For more information, you can go check the [online documentation](https://scikit-learn.org/stable/modules/generated/sklearn.ensemble.GradientBoostingClassifier.html).

**Exercise:**

Make the hyperparameter optimization of your model.

Here is what you have to do:
- Select the hyperparameters you want to optimize
- Make your python dict containing the hyperparameters values to test (to try to much, it may take a while...)
- Instantiate your grid search object
- Fit your grid search and have a look at the best params
- Evaluate your optimized model: did it improve the performances?

In [13]:
from sklearn.model_selection import GridSearchCV

params= {"max_depth":[3, 5], "n_estimators":[10, 50, 100]}

grid = GridSearchCV(GradientBoostingClassifier(), params, 
                    scoring="accuracy", cv=5)

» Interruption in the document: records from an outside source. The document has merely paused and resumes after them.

(* Let $\alpha,\beta,\lambda,\varepsilon_1,\varepsilon_2$ be positive real numbers and consider the planar system $$s'=s\big(\varepsilon_2-\beta-\varepsilon_2 s+(\varepsilon_1-\varepsilon_2-\lambda)i\big),\qquad i'=i\big(\varepsilon_2-\varepsilon_1-\alpha+(\lambda-\varepsilon_2)s+(\varepsilon_1-\varepsilon_2)i\big)$$ on $D_1=\{(s,i): s\ge0,\ i\ge0,\ s+i\le1\}$. Let $T_0=\varepsilon_2-\beta$ and $T_1=\varepsilon_2-\varepsilon_1-\alpha$. If $T_0<0$ and $T_1<0$, then the origin is the only rest point of this system in $D_1$.
   Context: This is the special case $b=\beta_1=\gamma=0$ (with $\beta=\beta_2$) of the SIRS proportions system reduced to the $(s,i)$-plane. *)

theory Defs
  imports Complex_Main
begin

definition sirs_s :: "real \<Rightarrow> real \<Rightarrow> real \<Rightarrow> real \<Rightarrow> real \<Rightarrow> real \<Rightarrow> real \<Rightarrow> real" where
  "sirs_s \<alpha> \<beta> lam \<epsilon>1 \<epsilon>2 s i = s * (\<epsilon>2 - \<beta> - \<epsilon>2 * s + (\<epsilon>1 - \<epsilon>2 - lam) * i)"

definition sirs_i :: "real \<Rightarrow> real \<Rightarrow> real \<Rightarrow> real \<Rightarrow> real \<Rightarrow> real \<Rightarrow> real \<Rightarrow> real" where
  "sirs_i \<alpha> \<beta> lam \<epsilon>1 \<epsilon>2 s i = i * (\<epsilon>2 - \<epsilon>1 - \<alpha> + (lam - \<epsilon>2) * s + (\<epsilon>1 - \<epsilon>2) * i)"

definition D1 :: "(real \<times> real) set" where
  "D1 = {(s, i). s \<ge> 0 \<and> i \<ge> 0 \<and> s + i \<le> 1}"

definition rest_point :: "real \<Rightarrow> real \<Rightarrow> real \<Rightarrow> real \<Rightarrow> real \<Rightarrow> real \<times> real \<Rightarrow> bool" where
  "rest_point \<alpha> \<beta> lam \<epsilon>1 \<epsilon>2 p \<longleftrightarrow>
     sirs_s \<alpha> \<beta> lam \<epsilon>1 \<epsilon>2 (fst p) (snd p) = 0 \<and> sirs_i \<alpha> \<beta> lam \<epsilon>1 \<epsilon>2 (fst p) (snd p) = 0"

end

theory Submission
  imports Defs
begin

text \<open>
  With \<open>r = 1 - s - i \<in> [0, 1]\<close> and \<open>\<kappa> = lam - \<epsilon>1\<close> the field reads
  \<open>s' = s (a - \<kappa> i)\<close>, \<open>i' = i (b + \<kappa> s)\<close> with \<open>a = \<epsilon>2 r - \<beta>\<close>, \<open>b = (\<epsilon>2 - \<epsilon>1) r - \<alpha>\<close>.
  On \<open>D1\<close> the hypotheses \<open>T0 < 0\<close>, \<open>T1 < 0\<close> force \<open>a, b < 0\<close>. At a rest point with \<open>s > 0\<close>
  we get \<open>\<kappa> i = a < 0\<close>, so \<open>i > 0\<close> and \<open>\<kappa> s = -b > 0\<close>: the sign of \<open>\<kappa>\<close> is contradictory.
  Hence \<open>s = 0\<close>, and then \<open>i b = 0\<close> gives \<open>i = 0\<close>.
\<close>

lemma mult_unit_interval_less:
  fixes c r b :: real
  assumes "0 \<le> r" "r \<le> 1" "c < b" "0 < b"
  shows "c * r < b"
proof (cases "c \<ge> 0")
  case True
  then have "c * r \<le> c" using assms by (simp add: mult_left_le)
  then show ?thesis using assms by linarith
next
  case False
  then have "c * r \<le> 0" using assms by (simp add: mult_nonpos_nonneg)
  then show ?thesis using assms by linarith
qed

lemma rest_point_zero_if_rates_neg:
  fixes a b \<kappa> s i :: real
  assumes "a < 0" "b < 0" "0 \<le> s" "0 \<le> i"
    and rest_s: "s * (a - \<kappa> * i) = 0" and rest_i: "i * (b + \<kappa> * s) = 0"
  shows "s = 0 \<and> i = 0"
proof -
  have "s = 0"
  proof (rule ccontr)
    assume "s \<noteq> 0"
    with rest_s have "\<kappa> * i = a" by simp
    with \<open>a < 0\<close> \<open>0 \<le> i\<close> have "i > 0" "\<kappa> < 0"
      by (auto simp: mult_less_0_iff)
    with rest_i have "\<kappa> * s = - b" by simp
    with \<open>b < 0\<close> \<open>0 \<le> s\<close> \<open>\<kappa> < 0\<close> show False
      by (smt (verit) mult_nonpos_nonneg)
  qed
  with rest_i \<open>b < 0\<close> show ?thesis by simp
qed

lemma sirs_s_eq:
  "sirs_s \<alpha> \<beta> lam \<epsilon>1 \<epsilon>2 s i = s * ((\<epsilon>2 * (1 - s - i) - \<beta>) - (lam - \<epsilon>1) * i)"
  by (simp add: sirs_s_def algebra_simps)

lemma sirs_i_eq:
  "sirs_i \<alpha> \<beta> lam \<epsilon>1 \<epsilon>2 s i = i * (((\<epsilon>2 - \<epsilon>1) * (1 - s - i) - \<alpha>) + (lam - \<epsilon>1) * s)"
  by (simp add: sirs_i_def algebra_simps)

theorem proposition3p1:
  fixes \<alpha> \<beta> lam \<epsilon>1 \<epsilon>2 :: real
  assumes "\<alpha> > 0" "\<beta> > 0" "lam > 0" "\<epsilon>1 > 0" "\<epsilon>2 > 0"
    and "\<epsilon>2 - \<beta> < 0" and "\<epsilon>2 - \<epsilon>1 - \<alpha> < 0"
  shows "{p \<in> D1. rest_point \<alpha> \<beta> lam \<epsilon>1 \<epsilon>2 p} = {(0, 0)}"
proof
  show "{(0, 0)} \<subseteq> {p \<in> D1. rest_point \<alpha> \<beta> lam \<epsilon>1 \<epsilon>2 p}"
    by (simp add: D1_def rest_point_def sirs_s_def sirs_i_def)
  show "{p \<in> D1. rest_point \<alpha> \<beta> lam \<epsilon>1 \<epsilon>2 p} \<subseteq> {(0, 0)}"
  proof clarify
    fix s i
    assume "(s, i) \<in> D1" and rest: "rest_point \<alpha> \<beta> lam \<epsilon>1 \<epsilon>2 (s, i)"
    then have "0 \<le> s" "0 \<le> i" "0 \<le> 1 - s - i" "1 - s - i \<le> 1"
      by (auto simp: D1_def)
    then have a_neg: "\<epsilon>2 * (1 - s - i) - \<beta> < 0"
      and b_neg: "(\<epsilon>2 - \<epsilon>1) * (1 - s - i) - \<alpha> < 0"
      using assms mult_unit_interval_less[of "1 - s - i"] by (auto simp del: diff_diff_eq)
    from rest show "s = 0 \<and> i = 0"
      unfolding rest_point_def sirs_s_eq sirs_i_eq fst_conv snd_conv
      by (intro rest_point_zero_if_rates_neg[OF a_neg b_neg \<open>0 \<le> s\<close> \<open>0 \<le> i\<close>]) auto
  qed
qed

end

grid.fit(X_train, y_train)

print('best params are:', grid.best_params_)

print('the optimized accuracy is:', accuracy_score(y_test, grid.predict(X_test)))

best params are: {'max_depth': 5, 'n_estimators': 100}
the optimized accuracy is: 0.9475262368815592


# III. Titanic classification

Now you can reload the data of the titanic prepared in previous course, using pickle:
```python
pickle.load(open('my_data.pkl', 'rb'))
```

And then perform classification on it, try to get the best accuracy you can!